▶ [Task goal]: Please print out every entry below, verbatim.

----- Exercise data

lemma realizes_insert_below:
  assumes e: "realizes g y P A e" and bA: "\<forall>x\<in>A. b < x"
    and v: "\<forall>x\<in>A. v < e x" "same_orbital g y v" "v < y"
    and succ: "\<forall>b'. (b, b') \<in> P \<longrightarrow> b' \<in> A \<and> e b' = g v"
    and pending: "\<forall>(a, a')\<in>P. a \<notin> insert b A \<longrightarrow> a' \<in> A \<longrightarrow> e a' < g v"
  shows "realizes g y P (insert b A) (e(b := v))"
proof -
  have bnA: "b \<notin> A" using bA by blast
  have mono: "strict_mono_on A e" and orb: "\<forall>x\<in>A. same_orbital g y (e x) \<and> e x < y"
    and steps: "\<forall>(a, a')\<in>P. a \<in> A \<longrightarrow> a' \<in> A \<longrightarrow> e a' = g (e a)"
    and room: "\<forall>(a, a')\<in>P. a \<notin> A \<longrightarrow> a' \<in> A \<longrightarrow> (\<forall>x\<in>A. e a' < g (e x))"
    using e unfolding realizes_def by blast+
  have "strict_mono_on (insert b A) (e(b := v))"
    using mono v(1) bA bnA unfolding strict_mono_on_def by auto
  moreover have "\<forall>x\<in>insert b A. same_orbital g y ((e(b := v)) x) \<and> (e(b := v)) x < y"
    using orb v bnA by auto
  moreover have "e' a' = g (e' a)"
    if "(a, a') \<in> P" "a \<in> insert b A" "a' \<in> insert b A" and e': "e' = e(b := v)" for a a' e'
  proof -
    have "a < a'" using that P_in by blast
    then show ?thesis
      using that bA bnA succ steps by (cases "a = b") auto
  qed
  moreover have "e' a' < g (e' x)"
    if "(a, a') \<in> P" "a \<notin> insert b A" "a' \<in> insert b A" "x \<in> insert b A"
      and e': "e' = e(b := v)" for a a' x e'
  proof (cases "a' = b")
    case True
    have "v < g v" using moves_up_in_orbital v(2) by blast
    moreover have "v < g (e x)" if "x \<in> A"
      using v(1) that moves_up_in_orbital orb by (meson order.strict_trans)
    ultimately show ?thesis using True that bnA by auto
  next
    case False
    then show ?thesis using that room pending bnA by auto
  qed
  ultimately show ?thesis unfolding realizes_def by blast
qed

lemma realizes_insert_preimage:
  assumes e: "realizes g y P A e" and bA: "\<forall>x\<in>A. b < x" and bb': "(b, b') \<in> P" "b' \<in> A"
    and pending_less: "\<forall>(a, a')\<in>P. a \<notin> insert b A \<longrightarrow> a < b"
  shows "realizes g y P (insert b A) (e(b := inv g (e b')))"
proof -
  let ?v = "inv g (e b')"
  have mono: "strict_mono_on A e" and orb: "\<forall>x\<in>A. same_orbital g y (e x) \<and> e x < y"
    and room: "\<forall>(a, a')\<in>P. a \<notin> A \<longrightarrow> a' \<in> A \<longrightarrow> (\<forall>x\<in>A. e a' < g (e x))"
    using e unfolding realizes_def by blast+
  have gv: "g ?v = e b'" using AutQ_f_inv_f[OF g] .
  have "b \<notin> A" using bA by blast
  then have "\<forall>x\<in>A. ?v < e x" using room bb' AutQ_inv_less_iff[OF g] by blast
  moreover have v_orb: "same_orbital g y ?v"
    using orb bb'(2) same_orbital_apply[of g ?v] gv same_orbital_sym same_orbital_trans[OF g]
    by metis
  moreover have "?v < y" using moves_up_in_orbital[OF v_orb] gv orb bb'(2) by fastforce
  moreover have "\<forall>b''. (b, b'') \<in> P \<longrightarrow> b'' \<in> A \<and> e b'' = g ?v"
    using P_functional[OF bb'(1)] bb'(2) gv by auto
  moreover have "e a' < g ?v" if "(a, a') \<in> P" "a \<notin> insert b A" "a' \<in> A" for a a'
  proof -
    have "a' < b'" using pending_less that(1,2) P_mono bb'(1) by fast
    then show ?thesis using strict_mono_onD[OF mono that(3) bb'(2)] gv by simp
  qed
  ultimately show ?thesis using realizes_insert_below[OF e bA] by blast
qed
text \<open>Letting t \<rightarrow> 0 in the scaled inclusions; the near-solutions stay bounded, so a
  subsequence converges to a solution of A y \<in> K.\<close>
lemma global_error_bound_homogeneous:
  fixes K :: "'b::euclidean_space set" and A :: "'a::euclidean_space \<Rightarrow> 'b"
  assumes cone: "cone K" and cl: "closed K" and lin: "linear A"
    and geb: "global_error_bound A b K" and ne: "{x. A x + b \<in> K} \<noteq> {}"
  shows "global_error_bound A 0 K"
proof -
  obtain \<alpha> where "\<alpha> > 0" and bound: "\<And>x. infdist x {x. A x + b \<in> K} \<le> \<alpha> * infdist (A x + b) K"
    using geb by (auto simp: global_error_bound_def)
  have "infdist x {x. A x \<in> K} \<le> \<alpha> * infdist (A x) K" for x
  proof -
    define D where "D = infdist (A x) K"
    define t where "t n = inverse (real (Suc n))" for n
    have "\<forall>n. \<exists>y. A y + t n *\<^sub>R b \<in> K \<and> dist x y \<le> \<alpha> * (D + t n * norm b)"
      using error_bound_scaled_inclusion[OF cone cl lin ne \<open>\<alpha> > 0\<close> bound] by (simp add: t_def D_def)
    then obtain Y where Y: "\<And>n. A (Y n) + t n *\<^sub>R b \<in> K"
      and dist_Y: "\<And>n. dist x (Y n) \<le> \<alpha> * (D + t n * norm b)"
      by metis
    have "dist x (Y n) \<le> \<alpha> * (D + norm b)" for n
    proof -
      have "t n * norm b \<le> norm b"
        by (simp add: t_def mult_left_le_one_le inverse_le_1_iff)
      then show ?thesis
        using dist_Y[of n] \<open>\<alpha> > 0\<close> by (smt (verit) mult_left_mono)
    qed
    then have "bounded (range Y)"
      unfolding bounded_def by blast
    then obtain y r where r: "strict_mono r" and Yr: "(Y \<circ> r) \<longlonglongrightarrow> y"
      using bounded_imp_convergent_subsequence by blast
    have tr: "(t \<circ> r) \<longlonglongrightarrow> 0"
      using LIMSEQ_subseq_LIMSEQ[OF LIMSEQ_inverse_real_of_nat r] by (simp add: t_def o_def)
    have "(\<lambda>n. A (Y (r n))) \<longlonglongrightarrow> A y"
      using isCont_tendsto_compose[OF linear_continuous_at Yr[unfolded o_def]] lin
      by (simp add: linear_conv_bounded_linear)
    then have "(\<lambda>n. A (Y (r n)) + t (r n) *\<^sub>R b) \<longlonglongrightarrow> A y + 0 *\<^sub>R b"
      using tr[unfolded o_def] by (intro tendsto_add tendsto_scaleR tendsto_const)
    with Y have "A y + 0 *\<^sub>R b \<in> K"
      by (rule closed_sequentially[OF cl])
    then have "infdist x {x. A x \<in> K} \<le> dist x y"
      by (intro infdist_le) simp
    also have "\<dots> \<le> \<alpha> * (D + 0 * norm b)"
    proof (rule LIMSEQ_le)
      show "(\<lambda>n. dist x (Y (r n))) \<longlonglongrightarrow> dist x y"
        using Yr[unfolded o_def] by (intro tendsto_dist tendsto_const)
      show "(\<lambda>n. \<alpha> * (D + t (r n) * norm b)) \<longlonglongrightarrow> \<alpha> * (D + 0 * norm b)"
        using tr[unfolded o_def] by (intro tendsto_mult tendsto_add tendsto_const)
      show "\<exists>N. \<forall>n\<ge>N. dist x (Y (r n)) \<le> \<alpha> * (D + t (r n) * norm b)"
        using dist_Y by blast
    qed
    finally show ?thesis
      by (simp add: D_def)
  qed
  then show ?thesis
    using \<open>\<alpha> > 0\<close> by (auto simp: global_error_bound_def)
qed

----------

▶ [Answer space]:
lemma realizes_insert_below:
  assumes e: "realizes g y P A e" and bA: "\<forall>x\<in>A. b < x"
    and v: "\<forall>x\<in>A. v < e x" "same_orbital g y v" "v < y"
    and succ: "\<forall>b'. (b, b') \<in> P \<longrightarrow> b' \<in> A \<and> e b' = g v"
    and pending: "\<forall>(a, a')\<in>P. a \<notin> insert b A \<longrightarrow> a' \<in> A \<longrightarrow> e a' < g v"
  shows "realizes g y P (insert b A) (e(b := v))"
proof -
  have bnA: "b \<notin> A" using bA by blast
  have mono: "strict_mono_on A e" and orb: "\<forall>x\<in>A. same_orbital g y (e x) \<and> e x < y"
    and steps: "\<forall>(a, a')\<in>P. a \<in> A \<longrightarrow> a' \<in> A \<longrightarrow> e a' = g (e a)"
    and room: "\<forall>(a, a')\<in>P. a \<notin> A \<longrightarrow> a' \<in> A \<longrightarrow> (\<forall>x\<in>A. e a' < g (e x))"
    using e unfolding realizes_def by blast+
  have "strict_mono_on (insert b A) (e(b := v))"
    using mono v(1) bA bnA unfolding strict_mono_on_def by auto
  moreover have "\<forall>x\<in>insert b A. same_orbital g y ((e(b := v)) x) \<and> (e(b := v)) x < y"
    using orb v bnA by auto
  moreover have "e' a' = g (e' a)"
    if "(a, a') \<in> P" "a \<in> insert b A" "a' \<in> insert b A" and e': "e' = e(b := v)" for a a' e'
  proof -
    have "a < a'" using that P_in by blast
    then show ?thesis
      using that bA bnA succ steps by (cases "a = b") auto
  qed
  moreover have "e' a' < g (e' x)"
    if "(a, a') \<in> P" "a \<notin> insert b A" "a' \<in> insert b A" "x \<in> insert b A"
      and e': "e' = e(b := v)" for a a' x e'
  proof (cases "a' = b")
    case True
    have "v < g v" using moves_up_in_orbital v(2) by blast
    moreover have "v < g (e x)" if "x \<in> A"
      using v(1) that moves_up_in_orbital orb by (meson order.strict_trans)
    ultimately show ?thesis using True that bnA by auto
  next
    case False
    then show ?thesis using that room pending bnA by auto
  qed
  ultimately show ?thesis unfolding realizes_def by blast
qed

lemma realizes_insert_preimage:
  assumes e: "realizes g y P A e" and bA: "\<forall>x\<in>A. b < x" and bb': "(b, b') \<in> P" "b' \<in> A"
    and pending_less: "\<forall>(a, a')\<in>P. a \<notin> insert b A \<longrightarrow> a < b"
  shows "realizes g y P (insert b A) (e(b := inv g (e b')))"
proof -
  let ?v = "inv g (e b')"
  have mono: "strict_mono_on A e" and orb: "\<forall>x\<in>A. same_orbital g y (e x) \<and> e x < y"
    and room: "\<forall>(a, a')\<in>P. a \<notin> A \<longrightarrow> a' \<in> A \<longrightarrow> (\<forall>x\<in>A. e a' < g (e x))"
    using e unfolding realizes_def by blast+
  have gv: "g ?v = e b'" using AutQ_f_inv_f[OF g] .
  have "b \<notin> A" using bA by blast
  then have "\<forall>x\<in>A. ?v < e x" using room bb' AutQ_inv_less_iff[OF g] by blast
  moreover have v_orb: "same_orbital g y ?v"
    using orb bb'(2) same_orbital_apply[of g ?v] gv same_orbital_sym same_orbital_trans[OF g]
    by metis
  moreover have "?v < y" using moves_up_in_orbital[OF v_orb] gv orb bb'(2) by fastforce
  moreover have "\<forall>b''. (b, b'') \<in> P \<longrightarrow> b'' \<in> A \<and> e b'' = g ?v"
    using P_functional[OF bb'(1)] bb'(2) gv by auto
  moreover have "e a' < g ?v" if "(a, a') \<in> P" "a \<notin> insert b A" "a' \<in> A" for a a'
  proof -
    have "a' < b'" using pending_less that(1,2) P_mono bb'(1) by fast
    then show ?thesis using strict_mono_onD[OF mono that(3) bb'(2)] gv by simp
  qed
  ultimately show ?thesis using realizes_insert_below[OF e bA] by blast
qed
text \<open>Letting t \<rightarrow> 0 in the scaled inclusions; the near-solutions stay bounded, so a
  subsequence converges to a solution of A y \<in> K.\<close>
lemma global_error_bound_homogeneous:
  fixes K :: "'b::euclidean_space set" and A :: "'a::euclidean_space \<Rightarrow> 'b"
  assumes cone: "cone K" and cl: "closed K" and lin: "linear A"
    and geb: "global_error_bound A b K" and ne: "{x. A x + b \<in> K} \<noteq> {}"
  shows "global_error_bound A 0 K"
proof -
  obtain \<alpha> where "\<alpha> > 0" and bound: "\<And>x. infdist x {x. A x + b \<in> K} \<le> \<alpha> * infdist (A x + b) K"
    using geb by (auto simp: global_error_bound_def)
  have "infdist x {x. A x \<in> K} \<le> \<alpha> * infdist (A x) K" for x
  proof -
    define D where "D = infdist (A x) K"
    define t where "t n = inverse (real (Suc n))" for n
    have "\<forall>n. \<exists>y. A y + t n *\<^sub>R b \<in> K \<and> dist x y \<le> \<alpha> * (D + t n * norm b)"
      using error_bound_scaled_inclusion[OF cone cl lin ne \<open>\<alpha> > 0\<close> bound] by (simp add: t_def D_def)
    then obtain Y where Y: "\<And>n. A (Y n) + t n *\<^sub>R b \<in> K"
      and dist_Y: "\<And>n. dist x (Y n) \<le> \<alpha> * (D + t n * norm b)"
      by metis
    have "dist x (Y n) \<le> \<alpha> * (D + norm b)" for n
    proof -
      have "t n * norm b \<le> norm b"
        by (simp add: t_def mult_left_le_one_le inverse_le_1_iff)
      then show ?thesis
        using dist_Y[of n] \<open>\<alpha> > 0\<close> by (smt (verit) mult_left_mono)
    qed
    then have "bounded (range Y)"
      unfolding bounded_def by blast
    then obtain y r where r: "strict_mono r" and Yr: "(Y \<circ> r) \<longlonglongrightarrow> y"
      using bounded_imp_convergent_subsequence by blast
    have tr: "(t \<circ> r) \<longlonglongrightarrow> 0"
      using LIMSEQ_subseq_LIMSEQ[OF LIMSEQ_inverse_real_of_nat r] by (simp add: t_def o_def)
    have "(\<lambda>n. A (Y (r n))) \<longlonglongrightarrow> A y"
      using isCont_tendsto_compose[OF linear_continuous_at Yr[unfolded o_def]] lin
      by (simp add: linear_conv_bounded_linear)
    then have "(\<lambda>n. A (Y (r n)) + t (r n) *\<^sub>R b) \<longlonglongrightarrow> A y + 0 *\<^sub>R b"
      using tr[unfolded o_def] by (intro tendsto_add tendsto_scaleR tendsto_const)
    with Y have "A y + 0 *\<^sub>R b \<in> K"
      by (rule closed_sequentially[OF cl])
    then have "infdist x {x. A x \<in> K} \<le> dist x y"
      by (intro infdist_le) simp
    also have "\<dots> \<le> \<alpha> * (D + 0 * norm b)"
    proof (rule LIMSEQ_le)
      show "(\<lambda>n. dist x (Y (r n))) \<longlonglongrightarrow> dist x y"
        using Yr[unfolded o_def] by (intro tendsto_dist tendsto_const)
      show "(\<lambda>n. \<alpha> * (D + t (r n) * norm b)) \<longlonglongrightarrow> \<alpha> * (D + 0 * norm b)"
        using tr[unfolded o_def] by (intro tendsto_mult tendsto_add tendsto_const)
      show "\<exists>N. \<forall>n\<ge>N. dist x (Y (r n)) \<le> \<alpha> * (D + t (r n) * norm b)"
        using dist_Y by blast
    qed
    finally show ?thesis
      by (simp add: D_def)
  qed
  then show ?thesis
    using \<open>\<alpha> > 0\<close> by (auto simp: global_error_bound_def)
qed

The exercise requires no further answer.